God said, It’s time to move. Your family depends on it. Your life depends on it. DO NOT LOOK BACK. Just MOVE!   Old-what’s-her-name was not a woman given to immediate obedience.  Can you imagine the fit she threw before she finally got on the road with her family… WHY ME?  WHY NOW?   I don’t want to move.  Where are you taking me?  What if I don’t like it there? Why is this happening to me?  Can’t this WAIT? I’m not ready to let go!!  By the time she set out, begrudgingly following her husband I would imagine that she had worked herself into quite a tizzy.
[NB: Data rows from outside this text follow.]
lemma solution_jumpD:
  assumes "is_solution T r \<xi> D x" and "(t, j) \<in> D" "(t, Suc j) \<in> D"
  shows "x t j \<in> jump_set"
    and "fst (x t (Suc j)) \<in> Gmap (\<xi> (Suc (snd (x t j)))) r (fst (x t j))"
  using assms unfolding is_solution_def by blast+

lemma solution_flow:
  assumes sol: "is_solution T r \<xi> D x"
    and "(s, j) \<in> D" "(t, j) \<in> D" "s < t"
  shows "\<forall>u\<in>{s..t}. fst (x u j) = fst (x s j) + (\<chi> i. (u - s) / T)"
    and "\<forall>u\<in>{s<..<t}. fst (x u j) \<in> unit_box"
proof -
  have D: "hybrid_time_domain D" using sol by (simp add: is_solution_def)
  have seg: "{s..t} \<subseteq> I_j D j"
    using hybrid_time_domain_segment[OF D] assms(2-4) by simp
  then have inner: "{s<..<t} \<subseteq> interior (I_j D j)"
    by (intro interior_maximal) auto
  then have "interior (I_j D j) \<noteq> {}" using \<open>s < t\<close> by fastforce
  note flow = solution_flowD[OF sol this]
  show "\<forall>u\<in>{s..t}. fst (x u j) = fst (x s j) + (\<chi> i. (u - s) / T)"
  proof
    fix u assume "u \<in> {s..t}"
    then have "s \<in> I_j D j" "u \<in> I_j D j" "s \<le> u"
      using seg \<open>s < t\<close> by auto
    then have "fst (x u j) = fst (x s j) + integral {s..u} (\<lambda>v. flow_map T (fst (x v j)))"
      by (rule flow(2)[rule_format])
    then show "fst (x u j) = fst (x s j) + (\<chi> i. (u - s) / T)"
      using \<open>u \<in> {s..t}\<close> by (simp add: flow_map_def vec_eq_iff)
  qed
  show "\<forall>u\<in>{s<..<t}. fst (x u j) \<in> unit_box"
    using flow(1) inner unfolding flow_set_def by (auto simp: mem_Times_iff)
qed

lemma solution_flow_preserves_A_s:
  assumes sol: "is_solution T r \<xi> D x" and "0 < T"
    and "(s, j) \<in> D" "(t, j) \<in> D" "s \<le> t" and "fst (x s j) \<in> A_s"
  shows "fst (x t j) \<in> A_s"
proof (cases "s = t")
  case False
  then have "s < t" using \<open>s \<le> t\<close> by simp
  note affine = solution_flow(1)[OF sol assms(3,4) \<open>s < t\<close>]
    and box = solution_flow(2)[OF sol assms(3,4) \<open>s < t\<close>]
  have "fst (x s j) + (\<chi> i. (t - s) / T) \<in> A_s"
  proof (rule A_s_add_const)
    fix \<epsilon> assume "0 < \<epsilon>" "\<epsilon> < (t - s) / T"
    then have u: "s + T * \<epsilon> \<in> {s<..<t}" using \<open>0 < T\<close> by (auto simp: field_simps)
    then have "fst (x (s + T * \<epsilon>) j) = fst (x s j) + (\<chi> i. (s + T * \<epsilon> - s) / T)"
      by (intro affine[rule_format]) auto
    then have "fst (x (s + T * \<epsilon>) j) = fst (x s j) + (\<chi> i. \<epsilon>)"
      using \<open>0 < T\<close> by simp
    then show "fst (x s j) + (\<chi> i. \<epsilon>) \<in> unit_box"
      using box u by metis
  qed (use assms \<open>s < t\<close> in auto)
  moreover have "fst (x t j) = fst (x s j) + (\<chi> i. (t - s) / T)"
    using \<open>s < t\<close> by (intro affine[rule_format]) auto
  ultimately show ?thesis by simp
qed (use assms in simp)

lemma solution_jump_preserves_A_s:
  assumes sol: "is_solution T r \<xi> D x"
    and "(s, k) \<in> D" "(s, Suc k) \<in> D" and "fst (x s k) \<in> A_s"
  shows "fst (x s (Suc k)) \<in> A_s"
proof -
  note jump = solution_jumpD[OF sol assms(2,3)]
  then obtain i where "fst (x s k) $ i = 1"
    unfolding jump_set_def by (auto simp: mem_Times_iff)
  then have "\<forall>j. fst (x s k) $ j \<in> {0, 1}"
    using A_s_with_coordinate_one_binary \<open>fst (x s k) \<in> A_s\<close> by blast
  then show ?thesis using Gmap_binary[OF _ jump(2)] A_s_binary by blast
qed

theorem lemma2:
  fixes E :: "('n::finite \<times> 'n) set" and T :: real and r :: "real^'n"
    and \<xi> :: "nat \<Rightarrow> ('n \<times> 'n) set"
    and hd_dom :: "(real \<times> nat) set" and x :: "real \<Rightarrow> nat \<Rightarrow> (real^'n) \<times> nat"
  assumes "simple_digraph E"
    and "T > 0"
    and "\<forall>i. 0 < r $ i \<and> r $ i < 1"
    and "feasible_seq E \<xi>"
    and "is_solution T r \<xi> hd_dom x"
    and "complete_domain hd_dom"
    and "fst (x 0 0) \<in> A_s"
  shows "\<forall>(t, k) \<in> hd_dom. fst (x t k) \<in> A_s \<and> x t k \<in> A_set"
proof -
  note sol = assms(5)
  have D: "hybrid_time_domain hd_dom" and "(0, 0) \<in> hd_dom"
    using sol by (simp_all add: is_solution_def)
  have "fst (x t k) \<in> A_s" if "(t, k) \<in> hd_dom" for t k
    using that
  proof (induction k arbitrary: t)
    case 0
    have "0 \<le> t" using hybrid_time_domain_nonneg[OF D 0] .
    then show ?case
      by (rule solution_flow_preserves_A_s[OF sol \<open>T > 0\<close> \<open>(0, 0) \<in> hd_dom\<close> 0 _ assms(7)])
  next
    case (Suc k)
    then obtain s where "s \<le> t" "(s, k) \<in> hd_dom" "(s, Suc k) \<in> hd_dom"
      using hybrid_time_domain_jump_time[OF D] by blast
    then have "fst (x s (Suc k)) \<in> A_s"
      using solution_jump_preserves_A_s[OF sol] Suc.IH by blast
    then show ?case
      by (rule solution_flow_preserves_A_s[OF sol \<open>T > 0\<close> \<open>(s, Suc k) \<in> hd_dom\<close> Suc.prems \<open>s \<le> t\<close>])
  qed
  then show ?thesis
    unfolding A_set_def by (auto simp: mem_Times_iff)
qed

end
Picture it: they’re finally fleeing Sodom as God had commanded. With no time to pack, Old-what’s-her-name has left everything behind.  We know how women are. Our home is our sanctuary. Our stuff defines us. Our friends affirm our value.  We yearn for that house and neighborhood where we hang our hearts. We desire our old friends.  We crave our creature comforts. We languish for the security of familiarity.  “Old what’s-her-name” was no different. She longed for her home, the things she was leaving behind. She hated the thought of starting over!!  Having previously been an Army wife through multiple moves, I can certainly relate.

But in her pain &/or rebellion, Old-what’s-her-name made two major blunders: first, she tarried behind her husband.  She refused to walk beside him on the journey.  She hung back, probably whining, dragging her feet, and slowing down everyone else in the family as they were sent racing out of Sodom. Second, she turned around. I read a Biblical scholar who described her turning not as a glance over her shoulder but as a physical stop and turn around. She not only stopped moving forward, she turned to go back the other direction!  The result was that she was left standing there dead in her tracks-literally! 

It’s no secret God created women with a high need for security and sameness.  But men can be equally guilty when it comes to a reluctance to relinquish the things of the past and move forward.  Our Creator understands our longings and desires–He’s the one who gave them to us in the first place! He knows YOUR longings just as He knew Old-what’s-her-name’s.  Still, He gave her a journey and her journey had a purpose {to save her life}. Likewise, He has given you a journey and your journey also serves a purpose. Though it may remain unclear to you exactly what that purpose is you can be sure that God has only your GOOD in mind. God doesn’t want you to be destroyed in this process of change & uncertainty. He wants to stretch you, to grow you and ultimately to bless you & bless others through you.  In order for that to be accomplished, you cannot make the mistakes of Old-what’s-her-name.  You must not tarry and you must not look back.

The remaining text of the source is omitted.